That Government Code section 65302 does not provide for injunctive
relief where a proposed public works project is not consistent
with a general plan does not deprive the trial court of authority
to employ this remedy. Where a right is created by statute without
any prescribed remedy, it may be enforced by any appropriate remedy,
legal or equitable. (Palo Alto- Menlo Park Yellow Cab Co. v. Santa
Clara County Transit Dist. (1976) 65 Cal.App.3d 121, 131 [135
Cal.Rptr. 192]; accord, Paxton v. Paxton (1907) 150 Cal. 667,
670 [89 P. 1083]; see also Southern Cal. Acoustics Co. v. C. V.

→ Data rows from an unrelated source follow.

text \<open>Gluing the two paths of \<open>\<beta>\<^sub>i\<^sub>,\<^sub>l\<^sub>1\<close> and \<open>\<beta>\<^sub>i\<^sub>,\<^sub>l\<^sub>2\<close> at \<open>i\<close> shows that \<open>B(l\<^sub>1,l\<^sub>2)\<close> depends only on
  \<open>m = l\<^sub>1 + l\<^sub>2\<close>: it is the sum \<open>S(m)\<close> over all walks with \<open>m\<close> steps of the product of the Gaussian
  moments \<open>\<mu>(k\<^sub>e)\<close>, where \<open>k\<^sub>e\<close> is the number of traversals of the edge \<open>e\<close>.
  Inserting a detour \<open>w\<^sub>p \<rightarrow> j \<rightarrow> w\<^sub>p\<close> into a walk raises one \<open>k\<^sub>e\<close> by 2, which multiplies its moment
  by \<open>\<sigma>\<^sup>2 (k\<^sub>e + 1)\<close>; for fixed \<open>p\<close> this insertion is injective, so summing over all walks and detours
  bounds a weighted version of \<open>S(m)\<close> by \<open>(m + 1) S(m + 2)\<close>. The weight is at least
  \<open>(m + 1)(N - 1) + (m + 1)\<^sup>2 / N\<close>, because every return of the walk to a vertex is counted and the
  numbers of visits satisfy Cauchy-Schwarz; this yields \<open>\<sigma>\<^sup>2 (m + d) S(m) \<le> d S(m + 2)\<close> with
  \<open>d = N(N + 1)/2\<close>.\<close>

section \<open>Moments of the centred normal distribution\<close>

definition gauss_moment :: "real \<Rightarrow> nat \<Rightarrow> real" where
  "gauss_moment \<sigma> k = (\<integral>t. t ^ k \<partial>density lborel (normal_density 0 \<sigma>))"

lemma gauss_moment_eq_lborel:
  "gauss_moment \<sigma> k = (\<integral>t. normal_density 0 \<sigma> t * t ^ k \<partial>lborel)"
  unfolding gauss_moment_def by (subst integral_density) auto

lemma integrable_gauss_power:
  assumes "\<sigma> > 0"
  shows "integrable (density lborel (normal_density 0 \<sigma>)) (\<lambda>t. t ^ k)"
  using integrable_normal_moment[of \<sigma> 0 k] assms by (subst integrable_density) auto

lemma gauss_moment_odd: "\<sigma> > 0 \<Longrightarrow> gauss_moment \<sigma> (2 * k + 1) = 0"
  unfolding gauss_moment_eq_lborel using integral_normal_moment_odd[of \<sigma> 0 k] by simp

lemma gauss_moment_even:
  "\<sigma> > 0 \<Longrightarrow> gauss_moment \<sigma> (2 * k) = fact (2 * k) / ((2 / \<sigma>\<^sup>2) ^ k * fact k)"
  unfolding gauss_moment_eq_lborel using integral_normal_moment_even[of \<sigma> 0 k] by simp

lemma gauss_moment_nonneg:
  assumes "\<sigma> > 0" shows "0 \<le> gauss_moment \<sigma> k"
proof (cases "even k")
  case True
  then obtain j where "k = 2 * j" by (elim evenE)
  then show ?thesis using assms by (simp add: gauss_moment_even)
next
  case False
  then obtain j where "k = 2 * j + 1" by (elim oddE)
  then show ?thesis using gauss_moment_odd[OF assms, of j] by simp
qed

lemma gauss_moment_Suc_Suc:
  assumes "\<sigma> > 0"
  shows "gauss_moment \<sigma> (Suc (Suc k)) = \<sigma>\<^sup>2 * (k + 1) * gauss_moment \<sigma> k"
proof (cases "even k")
  case True
  then obtain j where k: "k = 2 * j" by (elim evenE)
  have "gauss_moment \<sigma> (2 * Suc j) = fact (2 * Suc j) / ((2 / \<sigma>\<^sup>2) ^ Suc j * fact (Suc j))"
    using assms by (rule gauss_moment_even)
  also have "\<dots> = (2 * (real j + 1) * (2 * j + 1) * fact (2 * j)) /
                   ((2 / \<sigma>\<^sup>2) * (2 / \<sigma>\<^sup>2) ^ j * ((real j + 1) * fact j))"
    by (simp add: fact_Suc algebra_simps)
  also have "\<dots> = \<sigma>\<^sup>2 * (2 * j + 1) * (fact (2 * j) / ((2 / \<sigma>\<^sup>2) ^ j * fact j))"
  proof -
    have cancel: "2 * a * c * f / ((2 / \<sigma>\<^sup>2) * t * (a * g)) = \<sigma>\<^sup>2 * c * (f / (t * g))"
      if "a \<noteq> 0" for a c f t g :: real
      using that assms by (simp add: field_simps)
    show ?thesis by (rule cancel) simp
  qed
  finally show ?thesis using assms by (simp add: k gauss_moment_even)
next
  case False
  then obtain j where k: "k = 2 * j + 1" by (elim oddE)
  show ?thesis using gauss_moment_odd[OF assms, of j] gauss_moment_odd[OF assms, of "Suc j"]
    by (simp add: k)
qed

section \<open>Walks, their weights and edge multiplicities\<close>

fun walk_steps :: "'a list \<Rightarrow> ('a \<times> 'a) list" where
  "walk_steps (u # v # w) = (u, v) # walk_steps (v # w)"
| "walk_steps _ = []"

definition edge :: "'a::linorder \<Rightarrow> 'a \<Rightarrow> 'a \<times> 'a" where
  "edge u v = (min u v, max u v)"

definition walk_weight :: "('a \<Rightarrow> 'a \<Rightarrow> 'b::comm_monoid_mult) \<Rightarrow> 'a list \<Rightarrow> 'b" where
  "walk_weight W w = prod_list (map (case_prod W) (walk_steps w))"

definition edge_mult :: "'a::linorder list \<Rightarrow> 'a \<times> 'a \<Rightarrow> nat" where
  "edge_mult w e = count_list (map (case_prod edge) (walk_steps w)) e"

lemma edge_commute: "edge u v = edge v u"
  by (simp add: edge_def min.commute max.commute)

lemma walk_steps_append: "walk_steps (u @ c # v) = walk_steps (u @ [c]) @ walk_steps (c # v)"
  by (induction u rule: walk_steps.induct) auto

lemma set_walk_steps: "(u, v) \<in> set (walk_steps w) \<Longrightarrow> u \<in> set w \<and> v \<in> set w"
  by (induction w rule: walk_steps.induct) auto

lemma walk_weight_singleton [simp]: "walk_weight W [u] = 1"
  by (simp add: walk_weight_def)

lemma walk_weight_Cons_Cons [simp]: "walk_weight W (u # v # w) = W u v * walk_weight W (v # w)"
  by (simp add: walk_weight_def)

lemma walk_weight_append: "walk_weight W (u @ c # v) = walk_weight W (u @ [c]) * walk_weight W (c # v)"
  unfolding walk_weight_def by (subst walk_steps_append) simp

lemma walk_weight_rev:
  assumes "\<And>a b. W a b = W b a"
  shows "walk_weight W (rev w) = walk_weight W w"
proof (induction w rule: walk_steps.induct)
  case (1 u v w)
  have "walk_weight W (rev (u # v # w)) = walk_weight W (rev w @ [v]) * walk_weight W [v, u]"
    using walk_weight_append[of W "rev w" v "[u]"] by simp
  then show ?case using 1 assms[of v u] by (simp add: mult.commute)
qed auto

lemma prod_nth_eq_walk_weight:
  "length xs = l \<Longrightarrow> (\<Prod>k<l. W ((i # xs) ! k) (xs ! k)) = walk_weight W (i # xs)"
proof (induction xs arbitrary: i l)
  case (Cons x xs)
  then show ?case by (auto simp del: prod.lessThan_Suc simp add: prod.lessThan_Suc_shift)
qed simp

lemma prod_list_map_eq_prod_power_count:
  fixes f :: "'a \<Rightarrow> 'b::comm_monoid_mult"
  assumes "finite U" "set xs \<subseteq> U"
  shows "prod_list (map f xs) = (\<Prod>a\<in>U. f a ^ count_list xs a)"
  using assms(2)
proof (induction xs)
  case (Cons x xs)
  have "(\<Prod>a\<in>U. f a ^ count_list (x # xs) a) =
        (\<Prod>a\<in>U. (if x = a then f a else 1)) * (\<Prod>a\<in>U. f a ^ count_list xs a)"
    by (subst prod.distrib [symmetric]) (auto intro: prod.cong)
  also have "(\<Prod>a\<in>U. (if x = a then f a else 1)) = f x"
    using Cons.prems assms(1) by (simp add: prod.delta)
  finally show ?case using Cons by simp
qed simp

lemma finite_upper_idx: "finite (upper_idx N)"
  by (rule finite_subset[of _ "{..<N} \<times> {..<N}"]) (auto simp: upper_idx_def)

lemma symW_eq_edge: "symW x u v = x (edge u v)"
  by (simp add: symW_def edge_def)

lemma walk_weight_symW:
  assumes "set w \<subseteq> {..<N}"
  shows "walk_weight (symW x) w = (\<Prod>a\<in>upper_idx N. x a ^ edge_mult w a)"
proof -
  have "set (map (case_prod edge) (walk_steps w)) \<subseteq> upper_idx N"
    using assms set_walk_steps by (fastforce simp: edge_def upper_idx_def)
  moreover have "walk_weight (symW x) w = prod_list (map x (map (case_prod edge) (walk_steps w)))"
    unfolding walk_weight_def by (simp add: symW_eq_edge split_def comp_def)
  ultimately show ?thesis
    unfolding edge_mult_def by (metis finite_upper_idx prod_list_map_eq_prod_power_count)
qed

section \<open>The moments as sums over walks\<close>

definition walks :: "nat \<Rightarrow> nat \<Rightarrow> nat list set" where
  "walks N m = {w. length w = Suc m \<and> set w \<subseteq> {..<N}}"

lemma finite_walks: "finite (walks N m)"
  unfolding walks_def using finite_lists_length_eq[of "{..<N}" "Suc m"] by (simp add: conj_commute)

lemma nth_walk_less: "w \<in> walks N m \<Longrightarrow> p \<le> m \<Longrightarrow> w ! p < N"
  unfolding walks_def by (auto simp: subset_iff)

lemma beta_eq_sum_walk_weight:
  "beta N W i l = (\<Sum>xs\<in>{xs. length xs = l \<and> set xs \<subseteq> {..<N}}. walk_weight W (i # xs))"
  unfolding beta_def by (intro sum.cong refl prod_nth_eq_walk_weight) simp

lemma sum_beta_mult_eq_sum_walks:
  assumes "\<And>a b. W a b = W b a"
  shows "(\<Sum>i<N. beta N W i l1 * beta N W i l2) = (\<Sum>w\<in>walks N (l1 + l2). walk_weight W w)"
proof -
  define L where "L l = {xs. length xs = l \<and> set xs \<subseteq> {..<N}}" for l
  define glue :: "nat \<times> nat list \<times> nat list \<Rightarrow> nat list"
    where "glue = (\<lambda>(i, xs, ys). rev xs @ i # ys)"
  have glue_weight: "walk_weight W (i # xs) * walk_weight W (i # ys) = walk_weight W (glue (i, xs, ys))"
    for i xs ys
    using walk_weight_rev[OF assms, where w = "i # xs"] walk_weight_append[of W "rev xs" i ys]
    by (simp add: glue_def)
  have "bij_betw glue ({..<N} \<times> L l1 \<times> L l2) (walks N (l1 + l2))"
  proof (rule bij_betw_byWitness[where f' = "\<lambda>w. (w ! l1, rev (take l1 w), drop (Suc l1) w)"])
    show "\<forall>t\<in>{..<N} \<times> L l1 \<times> L l2. (glue t ! l1, rev (take l1 (glue t)), drop (Suc l1) (glue t)) = t"
      by (auto simp: glue_def L_def nth_append)
    show "\<forall>w\<in>walks N (l1 + l2). glue (w ! l1, rev (take l1 w), drop (Suc l1) w) = w"
      by (auto simp: glue_def walks_def id_take_nth_drop[symmetric])
    show "glue ` ({..<N} \<times> L l1 \<times> L l2) \<subseteq> walks N (l1 + l2)"
      by (auto simp: glue_def L_def walks_def)
    show "(\<lambda>w. (w ! l1, rev (take l1 w), drop (Suc l1) w)) ` walks N (l1 + l2) \<subseteq> {..<N} \<times> L l1 \<times> L l2"
      using nth_walk_less[of _ N "l1 + l2" l1]
      by (auto simp: L_def walks_def dest!: in_set_takeD in_set_dropD)
  qed
  then have "(\<Sum>t\<in>{..<N} \<times> L l1 \<times> L l2. walk_weight W (glue t)) = (\<Sum>w\<in>walks N (l1 + l2). walk_weight W w)"
    by (rule sum.reindex_bij_betw)
  moreover have "(\<Sum>i<N. beta N W i l1 * beta N W i l2) = (\<Sum>t\<in>{..<N} \<times> L l1 \<times> L l2. walk_weight W (glue t))"
    unfolding beta_eq_sum_walk_weight L_def[symmetric]
    by (simp add: sum_product sum.cartesian_product glue_weight)
  ultimately show ?thesis by simp
qed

Holder, Inc. (1969) 71 Cal.2d 719, 727 [79 Cal.Rptr. 319, 456
P.2d 975].) Thus, for example, in Environmental Defense Fund,
Inc. v. Coastside County Water Dist. (1972) 27 Cal.App.3d 695,
704-705 [104 Cal.Rptr. 197], the court concluded that where trial
courts determine an EIR to be insufficient as an informative document,
'the courts properly may use their ancient and purposeful instrument
of injunction to deal with a need for effective equitable action
in a new but universally recognized situation....' Similarly,
the decision in Save El Toro Assn. authorized the enjoining of
a public works project on the basis of its relationship to a proposed
private subdivision that was inconsistent with the local general
plan, although no statute authorized injunctive relief. (74 Cal.App.3d
at pp. 70-74.) The Friends may thus obtain injunctive relief on
the basis of inconsistency of the proposed 'B' Street Project
with the city's general plan.
The trial court also may grant injunctive relief for want of a
noise element in the city's general plan, with which the 'B' Street
Project is to be consistent. Government Code section 65302 prescribes
no remedy for failure of a general plan to contain a mandatory
element; therefore, any appropriate legal or equitable remedy
may be employed. The Friends, however, could bring a direct action
to compel the city to adopt the mandated noise element. (See 58
Ops.Cal.Atty.Gen. 21, 27 (1975).) Whether the injunctive relief
sought is the appropriate remedy to be employed here, in light
of the availability of relief by alternative means, is to be determined
by the trial court, within the exercise of its sound discretion.
IV
The city, as cross-appellant, challenges the trial court's determination
that the city council abused its discretion in dispensing with
an EIR on the basis of a negative declaration. CEQA requires all
local agencies to prepare an EIR on any project 'which may have
a significant effect on the environment.' (Pub. Resources Code,
§ 21151; Shawn v. Golden Gate Bridge etc. Dist. (1976) 60
Cal.App.3d 699, 701 [131 Cal.Rptr. 867].) The act provides a three-tiered
structure to guide agencies: If a proposed project falls within
a category exempt from the requirements of CEQA by administrative
regulation, or if it is certain that the project will not have
a significant effect upon the environment, no further agency evaluation
is required. ( No Oil, Inc. v. City of Los Angeles (1974) 13 Cal.3d
68, 74 [118 Cal.Rptr. 34, 529 P.2d 66]; Shawn v. Golden Gate Bridge
etc. Dist., supra., 60 Cal.App.3d 699, 703; see COAC, Inc. v.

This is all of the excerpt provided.